Nuova diga di Genova, indotto occupazionale atteso e dibattito pubblico auspicato
Contributo a cura di Riccardo Degl’Innocenti * * esperto di lavoro portuale Nella Guerra del Peloponneso Tucidide scrive una frase entrata nel corredo della retorica: “Gli uomini sono la città, non le mura né le navi vuote di uomini”. Me ne servo per provocare l’attenzione sulla nuova diga del porto di Genova e per […]
Contributo a cura di Riccardo Degl’Innocenti *
* esperto di lavoro portuale
Nella Guerra del Peloponneso Tucidide scrive una frase entrata nel corredo della retorica: “Gli uomini sono la città, non le mura né le navi vuote di uomini”. Me ne servo per provocare l’attenzione sulla nuova diga del porto di Genova e per reclamare l’urgenza, di fronte alla retorica sulla incontestabilità delle grandi infrastrutture e sulla munificenza delle imprese, che nella progettazione si tenga conto dei cittadini. L’occasione c’è. Infatti, nel Codice degli appalti è stato introdotto il “Dibattito pubblico”, quale strumento per la partecipazione dei cittadini al confronto sull’opportunità e le soluzioni progettuali delle principali opere. Per cui tra qualche mese si avvierà ufficialmente il Dibattito sulla diga. Un evento straordinario per promuovere una conoscenza collettiva del porto e della sua sostenibilità, un’occasione irripetibile di apprendimento civile e di socializzazione
politica, perché investirà di petto il rapporto tra il porto e la città.
Stando al Presidente del porto Signorini, di qui a pochi anni grazie alla diga (che però sarà pronta tra 15) Genova raddoppierà i contenitori e diventerà il primo porto del Mediterraneo: un casello tra mare e terra, attraversato da milioni di container inoltrati just in time da e per il Nord. Che cosa resterà in città in termini di ricchezza e di occupazione? Quanto andrà a vantaggio dei capitali, per lo più stranieri, e quanto dei salari dei lavoratori? Quanto della cittadinanza che subisce le esternalità negative ambientali? Un gateway portuale è più di un casello: ci sono i servizi alla nave e alla merce, che portano ricchezza e lavoro dentro e fuori del porto. Ma essi non crescono come i traffici. L’evoluzione dei porti mostra che l’occupazione diretta diminuisce a causa di gigantismo, automazione e digitalizzazione, oltre che della costante ricerca di produttività e di riduzione dei costi del lavoro da parte delle imprese. Questo Signorini lo sa, ma omette di pubblicare il Piano dell’organico che rivelerebbe lo stallo decennale dell’occupazione portuale.

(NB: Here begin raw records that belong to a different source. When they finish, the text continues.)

(* Let $C$ be a contractible globular extension with a pregroupoidal structure and $G$ an $\infty$-groupoid of type $C$. For every $n\ge 1$, $\Pi_n(G)$ is a groupoid.
   Context: The globe category $\mathbb{G}$ has objects $D_n$ ($n\ge0$), generated by $\sigma_n,\tau_n\colon D_{n-1}\to D_n$ ($n\ge1$) with $\sigma_{n+1}\sigma_n=\tau_{n+1}\sigma_n$, $\sigma_{n+1}\tau_n=\tau_{n+1}\tau_n$; $\sigma^i_j=\sigma_i\cdots\sigma_{j+1}$, $\tau^i_j=\tau_i\cdots\tau_{j+1}$. A table of dimensions: integers $i_1,\dots,i_n,i'_1,\dots,i'_{n-1}$ with $i_k>i'_k<i_{k+1}$; dimension = largest entry. In a category $C$ under $\mathbb{G}$, its globular sum is the colimit of $D_{i_1}\xleftarrow{\sigma^{i_1}_{i'_1}}D_{i'_1}\xrightarrow{\tau^{i_2}_{i'_1}}D_{i_2}\leftarrow\cdots\xrightarrow{\tau^{i_n}_{i'_{n-1}}}D_{i_n}$, written $D_{i_1}\amalg_{D_{i'_1}}\cdots\amalg_{D_{i'_{n-1}}}D_{i_n}$. A globular extension is a category under $\mathbb{G}$ with all globular sums. $f,g\colon D_n\to X$ are globularly parallel if $n=0$ or $f\sigma_n=g\sigma_n$, $f\tau_n=g\tau_n$; a lifting of $(f,g)$ is $h\colon D_{n+1}\to X$ with $h\sigma_{n+1}=f$, $h\tau_{n+1}=g$; $(f,g)\colon D_n\to S$ is admissible if globularly parallel with $S$ a globular sum of dimension $\le n+1$; $C$ is contractible if every admissible pair has a lifting. An $\infty$-groupoid of type $C$ is a presheaf $G$ on $C$ such that each canonical map $G(D_{i_1}\amalg_{D_{i'_1}}\cdots\amalg_{D_{i'_{n-1}}}D_{i_n})\to G_{i_1}\times_{G_{i'_1}}\cdots\times_{G_{i'_{n-1}}}G_{i_n}$ is bijective, where $G_i=G(D_i)$ ($i$-arrows), $s=G(\sigma_i)$, $t=G(\tau_i)$ (source, target), $s^i_j=G(\sigma^i_j)$, $t^i_j=G(\tau^i_j)$, and the fiber product consists of $(u_1,\dots,u_n)$ with $s^{i_k}_{i'_k}(u_k)=t^{i_{k+1}}_{i'_k}(u_{k+1})$. A pregroupoidal structure on $C$ consists of morphisms $\nabla^i_j\colon D_i\to D_i\amalg_{D_j}D_i$ ($i>j\ge0$), $\kappa_i\colon D_{i+1}\to D_i$, $w^i_j\colon D_i\to D_i$ with $\nabla^i_{i-1}\sigma_i=\epsilon_2\sigma_i$, $\nabla^i_{i-1}\tau_i=\epsilon_1\tau_i$ ($\epsilon_1,\epsilon_2$ the canonical inclusions of the first and second summand), $\nabla^i_j\sigma_i=(\sigma_i\amalg_{D_j}\sigma_i)\nabla^{i-1}_j$, $\nabla^i_j\tau_i=(\tau_i\amalg_{D_j}\tau_i)\nabla^{i-1}_j$ for $j<i-1$, $\kappa_i\sigma_{i+1}=\kappa_i\tau_{i+1}=\mathrm{id}$, $w^i_{i-1}\sigma_i=\tau_i$, $w^i_{i-1}\tau_i=\sigma_i$, $w^i_j\sigma_i=\sigma_iw^{i-1}_j$, $w^i_j\tau_i=\tau_iw^{i-1}_j$ for $j<i-1$. It induces on $G$: compositions $v\ast^i_ju=G(\nabla^i_j)(\xi)$ for $s^i_j(v)=t^i_j(u)$, $\xi$ corresponding to $(v,u)$; units $k_i=G(\kappa_i)\colon G_i\to G_{i+1}$. For $n$-arrows $u,v$, $u\sim v$ if some $(n+1)$-arrow has source $u$ and target $v$; this is an equivalence relation compatible with $\ast^n_{n-1}$. $\Pi_n(G)$ ($n\ge1$) is the graph with objects $G_{n-1}$, arrows $G_n/\sim$ with source/target induced by $s,t$, composition induced by $\ast^n_{n-1}$ and identities induced by $k_{n-1}$. *)

theory Defs
  imports Main
begin

text \<open>A category under the globe category together with a chosen globular sum for every
table of dimensions. Composition convention: Cmp g f is g after f.\<close>

record ('o, 'm) gext =
  Ob  :: "'o set"
  Ar  :: "'m set"
  Dom :: "'m \<Rightarrow> 'o"
  Cod :: "'m \<Rightarrow> 'o"
  Cmp :: "'m \<Rightarrow> 'm \<Rightarrow> 'm"
  Idm :: "'o \<Rightarrow> 'm"
  Dg  :: "nat \<Rightarrow> 'o"            \<comment> \<open>image of D_n\<close>
  sg  :: "nat \<Rightarrow> 'm"            \<comment> \<open>image of sigma_n : D_(n-1) -> D_n, n >= 1\<close>
  tu  :: "nat \<Rightarrow> 'm"            \<comment> \<open>image of tau_n : D_(n-1) -> D_n, n >= 1\<close>
  gs  :: "nat list \<times> nat list \<Rightarrow> 'o"          \<comment> \<open>chosen globular sum of a table\<close>
  gi  :: "nat list \<times> nat list \<Rightarrow> nat \<Rightarrow> 'm"  \<comment> \<open>its canonical inclusions (0-indexed)\<close>

definition hom :: "('o, 'm) gext \<Rightarrow> 'o \<Rightarrow> 'o \<Rightarrow> 'm set" where
  "hom C a b = {f \<in> Ar C. Dom C f = a \<and> Cod C f = b}"

definition is_category :: "('o, 'm) gext \<Rightarrow> bool" where
  "is_category C \<longleftrightarrow>
     (\<forall>f \<in> Ar C. Dom C f \<in> Ob C \<and> Cod C f \<in> Ob C) \<and>
     (\<forall>a \<in> Ob C. Idm C a \<in> hom C a a) \<and>
     (\<forall>f \<in> Ar C. \<forall>g \<in> Ar C. Dom C g = Cod C f \<longrightarrow> Cmp C g f \<in> hom C (Dom C f) (Cod C g)) \<and>
     (\<forall>f \<in> Ar C. Cmp C f (Idm C (Dom C f)) = f \<and> Cmp C (Idm C (Cod C f)) f = f) \<and>
     (\<forall>f \<in> Ar C. \<forall>g \<in> Ar C. \<forall>h \<in> Ar C. Dom C g = Cod C f \<longrightarrow> Dom C h = Cod C g \<longrightarrow>
        Cmp C h (Cmp C g f) = Cmp C (Cmp C h g) f)"

text \<open>A functor from the globe category: by its presentation, this is the data of objects
D_n and arrows sigma_n, tau_n : D_(n-1) -> D_n satisfying the globular relations.\<close>

definition under_globe :: "('o, 'm) gext \<Rightarrow> bool" where
  "under_globe C \<longleftrightarrow>
     (\<forall>n. Dg C n \<in> Ob C) \<and>
     (\<forall>n \<ge> 1. sg C n \<in> hom C (Dg C (n - 1)) (Dg C n) \<and> tu C n \<in> hom C (Dg C (n - 1)) (Dg C n)) \<and>
     (\<forall>n \<ge> 1. Cmp C (sg C (n + 1)) (sg C n) = Cmp C (tu C (n + 1)) (sg C n) \<and>
              Cmp C (sg C (n + 1)) (tu C n) = Cmp C (tu C (n + 1)) (tu C n))"

text \<open>Iterated sources/targets: sigma^i_j = sigma_i ... sigma_(j+1) : D_j -> D_i (identity if i = j).\<close>

fun sgit :: "('o, 'm) gext \<Rightarrow> nat \<Rightarrow> nat \<Rightarrow> 'm" where
  "sgit C 0 j = Idm C (Dg C j)"
| "sgit C (Suc i) j = (if Suc i \<le> j then Idm C (Dg C j) else Cmp C (sg C (Suc i)) (sgit C i j))"

fun tuit :: "('o, 'm) gext \<Rightarrow> nat \<Rightarrow> nat \<Rightarrow> 'm" where
  "tuit C 0 j = Idm C (Dg C j)"
| "tuit C (Suc i) j = (if Suc i \<le> j then Idm C (Dg C j) else Cmp C (tu C (Suc i)) (tuit C i j))"

definition table :: "nat list \<times> nat list \<Rightarrow> bool" where
  "table T \<longleftrightarrow> (let is = fst T; js = snd T in
     length is = length js + 1 \<and>
     (\<forall>k < length js. js ! k < is ! k \<and> js ! k < is ! (k + 1)))"

definition table_dim :: "nat list \<times> nat list \<Rightarrow> nat" where
  "table_dim T = Max (set (fst T) \<union> set (snd T))"

definition cocone :: "('o, 'm) gext \<Rightarrow> nat list \<times> nat list \<Rightarrow> 'o \<Rightarrow> (nat \<Rightarrow> 'm) \<Rightarrow> bool" where
  "cocone C T X c \<longleftrightarrow> (let is = fst T; js = snd T in
     (\<forall>k < length is. c k \<in> hom C (Dg C (is ! k)) X) \<and>
     (\<forall>k < length js. Cmp C (c k) (sgit C (is ! k) (js ! k)) =
                      Cmp C (c (k + 1)) (tuit C (is ! (k + 1)) (js ! k))))"

definition is_colimit :: "('o, 'm) gext \<Rightarrow> nat list \<times> nat list \<Rightarrow> 'o \<Rightarrow> (nat \<Rightarrow> 'm) \<Rightarrow> bool" where
  "is_colimit C T S \<iota> \<longleftrightarrow> S \<in> Ob C \<and> cocone C T S \<iota> \<and>
     (\<forall>X \<in> Ob C. \<forall>c. cocone C T X c \<longrightarrow>
        (\<exists>!h. h \<in> hom C S X \<and> (\<forall>k < length (fst T). Cmp C h (\<iota> k) = c k)))"

definition globular_extension :: "('o, 'm) gext \<Rightarrow> bool" where
  "globular_extension C \<longleftrightarrow> is_category C \<and> under_globe C \<and>
     (\<forall>T. table T \<longrightarrow> is_colimit C T (gs C T) (gi C T))"

definition glob_parallel :: "('o, 'm) gext \<Rightarrow> nat \<Rightarrow> 'm \<Rightarrow> 'm \<Rightarrow> bool" where
  "glob_parallel C n f g \<longleftrightarrow> n = 0 \<or>
     (Cmp C f (sg C n) = Cmp C g (sg C n) \<and> Cmp C f (tu C n) = Cmp C g (tu C n))"

definition contractible :: "('o, 'm) gext \<Rightarrow> bool" where
  "contractible C \<longleftrightarrow>
     (\<forall>n T f g. table T \<and> table_dim T \<le> n + 1 \<and>
        f \<in> hom C (Dg C n) (gs C T) \<and> g \<in> hom C (Dg C n) (gs C T) \<and> glob_parallel C n f g \<longrightarrow>
        (\<exists>h \<in> hom C (Dg C (n + 1)) (gs C T).
            Cmp C h (sg C (n + 1)) = f \<and> Cmp C h (tu C (n + 1)) = g))"

text \<open>The binary globular sum D_i amalg_(D_j) D_i and the map sigma_i amalg sigma_i
(resp. tau_i amalg tau_i) : D_(i-1) amalg_(D_j) D_(i-1) -> D_i amalg_(D_j) D_i.\<close>

abbreviation bin :: "nat \<Rightarrow> nat \<Rightarrow> nat list \<times> nat list" where
  "bin i j \<equiv> ([i, i], [j])"

definition amalg_map :: "('o, 'm) gext \<Rightarrow> (nat \<Rightarrow> 'm) \<Rightarrow> nat \<Rightarrow> nat \<Rightarrow> 'm" where
  "amalg_map C m i j = (THE h. h \<in> hom C (gs C (bin (i - 1) j)) (gs C (bin i j)) \<and>
      Cmp C h (gi C (bin (i - 1) j) 0) = Cmp C (gi C (bin i j) 0) (m i) \<and>
      Cmp C h (gi C (bin (i - 1) j) 1) = Cmp C (gi C (bin i j) 1) (m i))"

record 'm pregrp =
  nab :: "nat \<Rightarrow> nat \<Rightarrow> 'm"
  kap :: "nat \<Rightarrow> 'm"
  ww  :: "nat \<Rightarrow> nat \<Rightarrow> 'm"

definition pregroupoidal :: "('o, 'm) gext \<Rightarrow> 'm pregrp \<Rightarrow> bool" where
  "pregroupoidal C P \<longleftrightarrow>
     (\<forall>i j. j < i \<longrightarrow> nab P i j \<in> hom C (Dg C i) (gs C (bin i j)) \<and> ww P i j \<in> hom C (Dg C i) (Dg C i)) \<and>
     (\<forall>i. kap P i \<in> hom C (Dg C (i + 1)) (Dg C i)) \<and>
     (\<forall>i \<ge> 1.
        Cmp C (nab P i (i - 1)) (sg C i) = Cmp C (gi C (bin i (i - 1)) 1) (sg C i) \<and>
        Cmp C (nab P i (i - 1)) (tu C i) = Cmp C (gi C (bin i (i - 1)) 0) (tu C i)) \<and>
     (\<forall>i j. j + 1 < i \<longrightarrow>
        Cmp C (nab P i j) (sg C i) = Cmp C (amalg_map C (sg C) i j) (nab P (i - 1) j) \<and>
        Cmp C (nab P i j) (tu C i) = Cmp C (amalg_map C (tu C) i j) (nab P (i - 1) j)) \<and>
     (\<forall>i. Cmp C (kap P i) (sg C (i + 1)) = Idm C (Dg C i) \<and>
          Cmp C (kap P i) (tu C (i + 1)) = Idm C (Dg C i)) \<and>
     (\<forall>i \<ge> 1. Cmp C (ww P i (i - 1)) (sg C i) = tu C i \<and>
              Cmp C (ww P i (i - 1)) (tu C i) = sg C i) \<and>
     (\<forall>i j. j + 1 < i \<longrightarrow>
        Cmp C (ww P i j) (sg C i) = Cmp C (sg C i) (ww P (i - 1) j) \<and>
        Cmp C (ww P i j) (tu C i) = Cmp C (tu C i) (ww P (i - 1) j))"

text \<open>A presheaf (contravariant set-valued functor) on C: Gob a is G(a), Gar f is G(f).\<close>

definition presheaf :: "('o, 'm) gext \<Rightarrow> ('o \<Rightarrow> 'x set) \<Rightarrow> ('m \<Rightarrow> 'x \<Rightarrow> 'x) \<Rightarrow> bool" where
  "presheaf C Gob Gar \<longleftrightarrow>
     (\<forall>f \<in> Ar C. \<forall>x \<in> Gob (Cod C f). Gar f x \<in> Gob (Dom C f)) \<and>
     (\<forall>a \<in> Ob C. \<forall>x \<in> Gob a. Gar (Idm C a) x = x) \<and>
     (\<forall>f \<in> Ar C. \<forall>g \<in> Ar C. Dom C g = Cod C f \<longrightarrow>
        (\<forall>x \<in> Gob (Cod C g). Gar (Cmp C g f) x = Gar f (Gar g x)))"

definition fiber_prod :: "('o, 'm) gext \<Rightarrow> ('o \<Rightarrow> 'x set) \<Rightarrow> ('m \<Rightarrow> 'x \<Rightarrow> 'x) \<Rightarrow>
    nat list \<times> nat list \<Rightarrow> 'x list set" where
  "fiber_prod C Gob Gar T = (let is = fst T; js = snd T in
     {us. length us = length is \<and> (\<forall>k < length is. us ! k \<in> Gob (Dg C (is ! k))) \<and>
          (\<forall>k < length js. Gar (sgit C (is ! k) (js ! k)) (us ! k) =
                           Gar (tuit C (is ! (k + 1)) (js ! k)) (us ! (k + 1)))})"

definition infty_groupoid :: "('o, 'm) gext \<Rightarrow> ('o \<Rightarrow> 'x set) \<Rightarrow> ('m \<Rightarrow> 'x \<Rightarrow> 'x) \<Rightarrow> bool" where
  "infty_groupoid C Gob Gar \<longleftrightarrow> presheaf C Gob Gar \<and>
     (\<forall>T. table T \<longrightarrow>
        bij_betw (\<lambda>x. map (\<lambda>k. Gar (gi C T k) x) [0..<length (fst T)])
                 (Gob (gs C T)) (fiber_prod C Gob Gar T))"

Intanto, per la diga si è invocato il Commissario straordinario. Al lordo o netto della burocrazia, una diga in mare in 15 anni, come del resto un ponte su un torrente in 2 anni, è oggi un’opera ordinaria. Invece, ciò che non è ordinario è progettare come da tanti miliardi pubblici possa nascere nuova e migliore occupazione, per chi non ce l’ha e per i giovani che devono andarla a cercare altrove. Non servono per questo ingegneri né commissari, occorre una politica e una società partecipativa con idee e volontà di bilanciare gli interessi dei capitali con quelli del lavoro. Vedremo se al Dibattito Pubblico parteciperanno i cittadini capaci di raccogliere questa sfida. Sarebbe un ottimo inizio e si vedrebbe l’utilità anche per gli “uomini”, non solo per “le mura e navi”.